The present disclosure relates to x-ray angiography and, in particular, the disclosure relates to a system and method for resolving artifacts in time-resolved, three-dimensional (3D) angiographic images, referred to as four-dimensional (4D) angiographic x-ray data, such as may be caused by overlapping anatomical features.
Since the introduction of angiography beginning with the direct carotid artery punctures of Moniz in 1927, there have been ongoing attempts to develop angiographic techniques that provide diagnostic images of the vasculature, while simultaneously reducing the invasiveness associated with the procedure. In the late 1970's, a technique known as digital subtraction angiography (DSA) was developed based on real-time digital processing equipment. Due to steady advancements in both hardware and software, DSA can now provide depictions of the vasculature in both 2D and volumetric 3D formats. Three-dimensional digital subtraction angiography (3D-DSA) has become an important component in the diagnosis and management of people with a large variety of central nervous system vascular diseases as well as other vascular diseases throughout the body.
In recent years competition for traditional DSA has emerged in the form of computed tomography angiography (CTA) and magnetic resonance angiography (MRA). CTA is a less invasive technique but has lower spatial resolution. It is not time-resolved unless the imaging volume is severely limited. The images are not isotropic and secondary reconstruction yields degraded spatial resolution. CTA is also somewhat limited as a standalone diagnostic modality by artifacts caused by bone at the skull base and as well as the contamination of arterial images with opacified venous structures. Further, CTA provides no functionality for guiding or monitoring minimally-invasive endovascular interventions.
Significant advances have been made in both the spatial and the temporal resolution qualities of MRA. Currently, gadolinium-enhanced time-resolved MRA (TRICKS) is widely viewed as a dominant clinical standard for time-resolved MRA. TRICKS enables voxel sizes of about 10 mm3 and a temporal resolution of approximately 10 seconds. Advancements such as HYBRID highly constrained projection reconstruction (HYPR) MRA techniques, which violate the Nyquist theorem by factors approaching 1000, can provide images with sub-millimeter isotropic resolution at frame times just under 1 second. Nonetheless, the spatial and temporal resolution of MRA are not adequate for all imaging situations and its costs are considerable. Furthermore, the spatial and temporal resolution is substantially below other methods, such as DSA.
The recently-introduced, four-dimensional (4D) DSA techniques can use rotational DSA C-arm imaging systems controlled with respect to a particular injection timing so that there is time dependence in the acquired reconstructed 4D volumes. As described in U.S. Pat. No. 8,643,642, which is incorporated herein by reference, a 3D DSA volume can be used as a constraining volume to generate a new 3D volume that contains the temporal information of each projection. As in 3D DSA, a mask rotation without contrast is followed by a second rotation during which contrast is injected. The process creates a series of time resolved 3D angiographic volumes that can be updated, for example, every 1/30 of a second.

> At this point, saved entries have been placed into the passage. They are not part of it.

lemma card_span_independent:
  fixes B :: "(nat \<Rightarrow> 'a::{finite,field}) set"
  assumes "finite B" "vs.independent B"
  shows "card (vs.span B) = CARD('a) ^ card B"
proof -
  define comb where "comb u = (\<Sum>v\<in>B. fscale (u v) v)" for u :: "(nat \<Rightarrow> 'a) \<Rightarrow> 'a"
  let ?coeffs = "B \<rightarrow>\<^sub>E (UNIV :: 'a set)"
  have "vs.span B = range comb"
    unfolding comb_def by (rule vs.span_finite[OF assms(1)])
  also have "range comb = comb ` ?coeffs"
  proof (intro subset_antisym subsetI)
    fix x assume "x \<in> range comb"
    then obtain u where "x = comb u" by blast
    also have "comb u = comb (restrict u B)"
      unfolding comb_def by (rule sum.cong) auto
    finally show "x \<in> comb ` ?coeffs" by simp
  qed blast
  finally have span_eq: "vs.span B = comb ` ?coeffs" .
  have "inj_on comb ?coeffs"
  proof (rule inj_onI)
    fix u u' assume u: "u \<in> ?coeffs" "u' \<in> ?coeffs" and "comb u = comb u'"
    then have "(\<Sum>v\<in>B. fscale (u v - u' v) v) = 0"
      by (simp add: comb_def vs.scale_left_diff_distrib sum_subtractf)
    then have "\<forall>v\<in>B. u v - u' v = 0"
      using assms(2) unfolding vs.dependent_finite[OF assms(1)]
      by (auto dest!: spec[of _ "\<lambda>v. u v - u' v"])
    then show "u = u'"
      using u by (auto intro: PiE_ext)
  qed
  then have "card (vs.span B) = card ?coeffs"
    unfolding span_eq by (rule card_image)
  also have "\<dots> = CARD('a) ^ card B"
    using assms(1) by (simp add: card_PiE)
  finally show ?thesis .
qed

lemma card_subspace:
  fixes C :: "(nat \<Rightarrow> 'a::{finite,field}) set"
  assumes "vs.subspace C" "finite C"
  shows "card C = CARD('a) ^ vs.dim C"
proof -
  obtain B where B: "B \<subseteq> C" "vs.independent B" "C \<subseteq> vs.span B" "card B = vs.dim C"
    by (rule vs.basis_exists)
  then have "vs.span B = C"
    using assms(1) by (intro vs.span_subspace)
  then show ?thesis
    using card_span_independent[of B] B assms(2) finite_subset by metis
qed

section \<open>Residual codes and the Griesmer bound\<close>

text \<open>Deleting the coordinates in \<open>S\<close> is modelled by setting them to zero; the length of
  a code is then the size of a set \<open>T\<close> containing the supports of all its words.\<close>

definition puncture :: "nat set \<Rightarrow> (nat \<Rightarrow> 'a::zero) \<Rightarrow> nat \<Rightarrow> 'a" where
  "puncture S x i = (if i \<in> S then 0 else x i)"

lemma puncture_add:
  fixes x y :: "nat \<Rightarrow> 'a::monoid_add"
  shows "puncture S (x + y) = puncture S x + puncture S y"
  by (auto simp: puncture_def fun_eq_iff)

lemma puncture_diff:
  fixes x y :: "nat \<Rightarrow> 'a::group_add"
  shows "puncture S (x - y) = puncture S x - puncture S y"
  by (auto simp: puncture_def fun_eq_iff)

lemma puncture_fscale: "puncture S (fscale a x) = fscale a (puncture S x)"
  by (simp add: puncture_def fscale_def fun_eq_iff)

lemma subspace_puncture_image:
  "vs.subspace C \<Longrightarrow> vs.subspace (puncture S ` C)"
  by (rule module_hom.subspace_image)
    (auto simp: module_hom_iff vs.module_axioms puncture_add puncture_fscale)

lemma sum_card_fibres:
  "finite A \<Longrightarrow> (\<Sum>b\<in>(UNIV :: 'b::finite set). card {a \<in> A. f a = b}) = card A"
  using sum.group[of A UNIV f "\<lambda>_. 1 :: nat"] by simp

lemma obtain_min_weight_word:
  fixes C :: "(nat \<Rightarrow> 'a::zero) set"
  assumes "1 < card C"
  obtains c where "c \<in> C" "c \<noteq> 0" "\<And>x. x \<in> C \<Longrightarrow> x \<noteq> 0 \<Longrightarrow> hweight c \<le> hweight x"
proof -
  have "\<exists>x \<in> C. x \<noteq> 0"
  proof (rule ccontr)
    assume "\<not> (\<exists>x \<in> C. x \<noteq> 0)"
    then have "card C \<le> card {0 :: nat \<Rightarrow> 'a}"
      by (intro card_mono) auto
    then show False
      using assms by simp
  qed
  then show thesis
    using ex_has_least_nat[of "\<lambda>x. x \<in> C \<and> x \<noteq> 0" _ hweight] that by blast
qed

locale min_weight_word =
  fixes C :: "(nat \<Rightarrow> 'a::{finite,field}) set" and T :: "nat set" and c :: "nat \<Rightarrow> 'a"
  assumes subspace_C: "vs.subspace C"
    and finite_T: "finite T"
    and supported: "\<And>x. x \<in> C \<Longrightarrow> {i. x i \<noteq> 0} \<subseteq> T"
    and c_in_C: "c \<in> C" and c_nonzero: "c \<noteq> 0"
    and c_min: "\<And>x. x \<in> C \<Longrightarrow> x \<noteq> 0 \<Longrightarrow> hweight c \<le> hweight x"
begin

abbreviation S :: "nat set" where
  "S \<equiv> {i. c i \<noteq> 0}"

abbreviation residual :: "(nat \<Rightarrow> 'a) set" where
  "residual \<equiv> puncture S ` C"

lemma finite_C: "finite C"
  by (rule finite_subset[OF _ finite_supported_funs[OF finite_T]]) (use supported in blast)

lemma finite_support: "x \<in> C \<Longrightarrow> finite {i. x i \<noteq> 0}"
  using supported finite_T by (rule finite_subset)

lemma c_nonzero_at: obtains i0 where "c i0 \<noteq> 0"
  using c_nonzero by (auto simp: fun_eq_iff)

lemma hweight_c: "hweight c = card S"
  by (simp add: hweight_def)

lemma puncture_c: "puncture S c = 0"
  by (simp add: puncture_def fun_eq_iff)

lemma residual_supported:
  assumes "y \<in> residual"
  shows "{i. y i \<noteq> 0} \<subseteq> T - S"
proof -
  obtain x where "x \<in> C" "y = puncture S x"
    using assms by blast
  then show ?thesis
    using supported by (fastforce simp: puncture_def split: if_splits)
qed

lemma puncture_eq_0_imp_multiple:
  assumes "z \<in> C" and "puncture S z = 0"
  shows "\<exists>a. z = fscale a c"
proof -
  obtain i0 where i0: "c i0 \<noteq> 0" by (rule c_nonzero_at)
  define a where "a = z i0 / c i0"
  have z_outside: "z i = 0" if "c i = 0" for i
    using fun_cong[OF assms(2), of i] that by (simp add: puncture_def)
  have "z - fscale a c \<in> C"
    using assms(1) c_in_C subspace_C by (simp add: vs.subspace_diff vs.subspace_scale)
  moreover have "hweight (z - fscale a c) < hweight c"
  proof -
    have "{i. (z - fscale a c) i \<noteq> 0} \<subseteq> S - {i0}"
      using i0 z_outside by (auto simp: fscale_def a_def)
    then have "hweight (z - fscale a c) \<le> card (S - {i0})"
      unfolding hweight_def using finite_support[OF c_in_C] by (simp add: card_mono)
    also have "\<dots> < hweight c"
      using finite_support[OF c_in_C] i0 unfolding hweight_c by (intro card_Diff1_less) auto
    finally show ?thesis .
  qed
  ultimately have "z - fscale a c = 0"
    using c_min leD by meson
  then show ?thesis by auto
qed

lemma card_le_card_residual: "card C \<le> CARD('a) * card residual"
proof -
  obtain i0 where i0: "c i0 \<noteq> 0" by (rule c_nonzero_at)
  have "inj_on (\<lambda>x. (puncture S x, x i0)) C"
  proof (rule inj_onI)
    fix x y assume xy: "x \<in> C" "y \<in> C" "(puncture S x, x i0) = (puncture S y, y i0)"
    have "x - y \<in> C"
      using xy subspace_C by (simp add: vs.subspace_diff)
    moreover have "puncture S (x - y) = 0"
      using xy by (simp add: puncture_diff)
    ultimately obtain a where a: "x - y = fscale a c"
      using puncture_eq_0_imp_multiple by blast
    then have "a * c i0 = 0"
      using xy by (auto simp: fscale_def dest: fun_cong[of _ _ i0])
    then show "x = y"
      using a i0 by (simp add: fscale_def fun_eq_iff)
  qed
  then have "card C \<le> card (residual \<times> (UNIV :: 'a set))"
    by (rule card_inj_on_le) (auto simp: finite_C)
  then show ?thesis
    by (simp add: card_cartesian_product mult.commute)
qed

lemma card_T: "card T = hweight c + card (T - S)"
  using supported[OF c_in_C] finite_T unfolding hweight_c
  by (metis card_Diff_subset card_mono finite_subset le_add_diff_inverse)

lemma card_agree_le_residual_weight:
  assumes "x \<in> C" and "puncture S x \<noteq> 0"
  shows "card {i \<in> S. x i / c i = a} \<le> hweight (puncture S x)"
proof -
  let ?y = "puncture S x" and ?agree = "{i \<in> S. x i / c i = a}"
  have finite_S: "finite S"
    using finite_support[OF c_in_C] .
  have agree_S: "?agree \<subseteq> S"
    by auto
  have finite_y: "finite {i. ?y i \<noteq> 0}"
    using finite_support[OF assms(1)] by (auto simp: puncture_def elim: finite_subset[rotated])
  have "x - fscale a c \<in> C"
    using assms(1) c_in_C subspace_C by (simp add: vs.subspace_diff vs.subspace_scale)
  moreover have "x - fscale a c \<noteq> 0"
  proof
    assume "x - fscale a c = 0"
    then have "?y = fscale a (puncture S c)"
      by (simp add: puncture_fscale[symmetric])
    then show False
      using assms(2) by (simp add: puncture_c fscale_def fun_eq_iff)
  qed
  ultimately have "hweight c \<le> hweight (x - fscale a c)"
    by (rule c_min)
  also have "{i. (x - fscale a c) i \<noteq> 0} = {i. ?y i \<noteq> 0} \<union> (S - ?agree)"
  proof (intro set_eqI)
    fix i
    show "i \<in> {i. (x - fscale a c) i \<noteq> 0} \<longleftrightarrow> i \<in> {i. ?y i \<noteq> 0} \<union> (S - ?agree)"
      by (cases "c i = 0") (simp_all add: puncture_def fscale_def divide_eq_eq)
  qed
  then have "hweight (x - fscale a c) = hweight ?y + card (S - ?agree)"
    unfolding hweight_def using finite_S finite_y
    by (simp add: card_Un_disjoint puncture_def disjoint_iff)
  also have "card (S - ?agree) = hweight c - card ?agree"
    using finite_S agree_S unfolding hweight_c by (intro card_Diff_subset) (auto intro: finite_subset)
  finally show ?thesis
    using card_mono[OF finite_S agree_S] unfolding hweight_c by linarith
qed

Thus, the above-described systems and methods have improved over time and, thereby, provided clinicians with an improving ability to visualize the anatomy of the vessels being studied. While 4D DSA techniques present a great advancement in the resources available to clinicians, 4D DSA images can include artifacts caused when anatomical features overlap in a 2D time frame x-ray projection. These artifacts can occur because the intensity information in overlapping anatomical features, at times, cannot be uniquely divided amongst the individual features. That is, existing 4D DSA methods reconstruct the 3D volume from the collection of 2D projections, and a time-resolved sequence of volumes is generated by back-projecting the information from the 2D frames onto the 3D volume. Overlapping anatomical features in a 2D projection, in some cases, cannot be perfectly distinguished and, thus, the intensity information cannot be attributed with confidence to individual features in the 3D volume. Thus, these overlapping features can cause uncertainty and inaccuracies in the 4D DSA reconstruction, which manifest as artifacts.
Therefore, it would be desirable to have systems and methods that are able create images, such as 4D DSA images, without artifacts caused by overlapping anatomical features.